Some of the material thus appropriated by Gill I have reclaimed and inserted in this work. A comparison between the first and second edition of Gill's "Life of Poe" affords a curious study, since in the second he has carefully corrected the misstatements of the former from my manuscript.

My friend, Gen. Roger A. Pryor, late Judge of the Supreme Court of New York, brought suit against Gill in this matter, but met with so much trouble and annoyance by reason of the latter's persistence in evading it, that it was finally, at my own earnest request, abandoned.

Mr. Gill, I am informed, is still living.

Note 2.

A strange fate was that of the poet's family, all of whom were indebted to charity for a last resting place.

His father, David Poe, died in Norfolk in the summer of 1811. His grave is unknown.

His mother was buried by charity in Richmond, December 9, 1811.
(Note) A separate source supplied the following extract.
(* Let $M$, $P$, $P'$, $H^{(j)}(\lambda)$, $S$, $U_S$, $Z_a$, $X'_a$ and $Q$ be as in the context. Then $Q$ restricts to $S$, i.e. for every point $p\in S$ and every covector $\alpha\in T^*_pM$ one has $Q(\alpha)\in T_pS$; equivalently $\langle dH^{(b)}_0, Q(\alpha)\rangle=0$ for all $\alpha$ and $b=1,\dots,k$. Moreover all the Hamiltonians $H^{(a)}_l$ are in involution with respect to $Q$: \[ \{H^{(a)}_l,H^{(b)}_m\}_Q:=\langle dH^{(a)}_l, Q\, dH^{(b)}_m\rangle=0 \] for all $a,b\in\{1,\dots,k\}$, $0\le l\le n_a$, $0\le m\le n_b$.
   Context: $M$ is a smooth manifold of dimension $2n+k$ carrying two Poisson tensors $P,P'$ which are compatible, i.e. $P_\lambda=P'-\lambda P$ is a Poisson tensor for every $\lambda$; brackets are $\{f,g\}=\langle df,P\,dg\rangle$, $\{f,g\}'=\langle df,P'dg\rangle$, and a bivector is viewed as a map $T^*M\to TM$. There are $k$ polynomial Casimirs of the pencil $H^{(j)}(\lambda)=\sum_{i=0}^{n_j}H^{(j)}_i\lambda^{n_j-i}$, $j=1,\dots,k$, i.e. $(P'-\lambda P)\,dH^{(j)}(\lambda)=0$ identically in $\lambda$, with $n_1+\dots+n_k=n$ and the differentials $dH^{(j)}_s$ ($j=1,\dots,k$, $s=0,\dots,n_j$) linearly independent at every point. In particular $PdH^{(j)}_0=0$, $P'dH^{(j)}_{n_j}=0$ and $P\,dH^{(j)}_{s+1}=P'dH^{(j)}_s$. $S$ is a symplectic leaf of $P$, locally a common level set of $H^{(1)}_0,\dots,H^{(k)}_0$, and $U_S$ is a tubular neighbourhood of $S$. On $U_S$ there are vector fields $Z_1,\dots,Z_k$ spanning a distribution $\mathcal Z$ with $TM=T S'\oplus\mathcal Z$ along each leaf $S'$ of $P$ in $U_S$, normalized by $Z_a(H^{(b)}_0)=\delta_a^b$. Set $X'_a=P'dH^{(a)}_0$ and define the bivector \[ Q=P'-\sum_{a=1}^k X'_a\wedge Z_a,\qquad\text{i.e. } Q(\alpha)=P'(\alpha)+\sum_{a=1}^k\big(\langle\alpha,X'_a\rangle Z_a-\langle\alpha,Z_a\rangle X'_a\big). \] *)

theory Defs
  imports "HOL-Analysis.Analysis"
begin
His wife was indebted for a grave near Fordham, in New York, to charitable contributions of friends.

His sister, Rosalie Mackenzie Poe, died July 14, 1874, and was given a pauper's grave in the cemetery of the Epiphany Church Home, in Washington.

Mrs. Clemm, his mother-in-law, died an inmate of the Church Home Infirmary, Baltimore, and was buried by the charity of friends in Westminster churchyard of that city in 1871.